Deploy a challenger model endpoint alongside the production champion and compare
their performance before fully switching over.

**Requirement 11.1**: Deploy a challenger model endpoint alongside the production champion

In [None]:
ab_manager = ABTestingManager()

# Deploy challenger endpoint (Req 11.1)
MODEL_DATA_URL = 's3://fraud-detection-models/xgboost/model.tar.gz'

challenger_endpoint = ab_manager.deploy_challenger_endpoint(
    model_data_url=MODEL_DATA_URL,
    experiment_id=EXPERIMENT_ID,
    instance_type='ml.m5.xlarge',
)

print(f'Challenger endpoint deployed: {challenger_endpoint}')

In [None]:
# Generate traffic split configuration for gradual rollout
CHAMPION_ENDPOINT = 'fraud-detection-production'

traffic_config = ab_manager.generate_traffic_split_config(
    champion_endpoint=CHAMPION_ENDPOINT,
    challenger_endpoint=challenger_endpoint,
)

print('Traffic Split Configuration:')
print(json.dumps(traffic_config, indent=2, default=str))

print('\nRollout Plan:')
for stage in traffic_config.get('rollout_plan', []):
    print(f'  Stage {stage["stage"]}: {stage["challenger_traffic"]}% challenger traffic '
          f'for {stage["duration_hours"]}h')

In [None]:
# Compare champion and challenger endpoints with test data
test_records = X_test.head(100).to_dict(orient='records')

comparison_result = ab_manager.compare_endpoints(
    champion_endpoint=CHAMPION_ENDPOINT,
    challenger_endpoint=challenger_endpoint,
    test_data=test_records,
)

print('Endpoint Comparison:')
print(json.dumps(comparison_result, indent=2, default=str))

In [None]:
# Promote challenger to champion (when A/B test results are positive)
# Uncomment the line below to execute the promotion:
# ab_manager.promote_challenger_to_champion(
#     champion_endpoint=CHAMPION_ENDPOINT,
#     challenger_endpoint=challenger_endpoint,
# )

print('To promote the challenger to champion, uncomment and run the cell above.')
print('This will update the production endpoint and clean up the challenger.')

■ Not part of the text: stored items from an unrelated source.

lemma connected_on_insert:
  assumes W: "connected_on E W" and "v \<in> W" and "{u, v} \<in> E"
  shows "connected_on E (insert u W)"
proof -
  let ?R = "\<lambda>W. {(a, b). a \<in> W \<and> b \<in> W \<and> {a, b} \<in> E}"
  have "(?R W)\<^sup>* \<subseteq> (?R (insert u W))\<^sup>*" by (rule rtrancl_mono) auto
  moreover have "(u, v) \<in> ?R (insert u W)" "(v, u) \<in> ?R (insert u W)"
    using assms by (auto simp: insert_commute)
  ultimately have "(x, v) \<in> (?R (insert u W))\<^sup>*" "(v, x) \<in> (?R (insert u W))\<^sup>*"
    if "x \<in> insert u W" for x
    using that W \<open>v \<in> W\<close> unfolding connected_on_def by blast+
  then show ?thesis unfolding connected_on_def by (blast intro: rtrancl_trans)
qed

lemma forest_edge_is_bridge:
  assumes "forest V E" and ab: "{a, b} \<in> E"
  shows "(a, b) \<notin> {(p, q). {p, q} \<in> E \<and> {p, q} \<noteq> {a, b}}\<^sup>*"
proof
  let ?R = "\<lambda>p q. {p, q} \<in> E \<and> {p, q} \<noteq> {a, b}"
  assume "(a, b) \<in> {(p, q). ?R p q}\<^sup>*"
  then obtain xs where "rtrancl_path ?R a xs b"
    by (auto simp: rtranclp_rtrancl_eq[symmetric] rtranclp_eq_rtrancl_path)
  then obtain xs where path: "rtrancl_path ?R a xs b" and "distinct (a # xs)"
    by (rule rtrancl_path_distinct)
  have "a \<noteq> b" using assms by (meson forest_def simple_graph_edgeD(3))
  then have "xs \<noteq> []" using path by (auto elim: rtrancl_path.cases)
  have "xs \<noteq> [b]" using path by (auto elim!: rtrancl_path.cases)
  have "is_cycle E (a # xs)"
    unfolding is_cycle_def
  proof (intro conjI allI impI)
    show "3 \<le> length (a # xs)" using \<open>xs \<noteq> []\<close> \<open>xs \<noteq> [b]\<close> rtrancl_path_last[OF path]
      by (cases xs rule: rev_cases) (auto simp: Suc_le_eq)
    show "distinct (a # xs)" by fact
    show "{(a # xs) ! i, (a # xs) ! Suc i} \<in> E" if "Suc i < length (a # xs)" for i
      using rtrancl_path_nth[OF path, of i] that by simp
    show "{last (a # xs), hd (a # xs)} \<in> E"
      using ab rtrancl_path_last[OF path \<open>xs \<noteq> []\<close>] \<open>xs \<noteq> []\<close> by (simp add: insert_commute)
  qed
  then show False using \<open>forest V E\<close> by (auto simp: forest_def)
qed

## 12. Summary and Next Steps

### What We Accomplished

1. **Trained** an XGBoost model with optimized hyperparameters
2. **Evaluated** the model using accuracy, precision, recall, F1, and AUC-ROC
3. **Visualized** results with confusion matrix, ROC curve, and precision-recall curve
4. **Compared** against the production baseline and confirmed improvement
5. **Validated** hyperparameters before promotion
6. **Updated** Parameter Store with new hyperparameters (with automatic backup)
7. **Generated** a production configuration file and wrote it to S3
8. **Triggered** the production pipeline for retraining
9. **Deployed** a challenger endpoint for A/B testing

### Next Steps

- **Monitor the A/B test** — track champion vs challenger metrics over the rollout
  stages (1% → 10% → 50% → 100%).
- **Promote the challenger** — once the challenger consistently outperforms the
  champion, call `promote_challenger_to_champion()` to complete the switch.
- **Iterate** — use the other notebooks to explore new features, algorithms, or
  hyperparameter configurations and repeat this promotion workflow.
- **Rollback if needed** — use `integrator.rollback_parameter_store(backup_key)` to
  restore previous Parameter Store values if issues arise.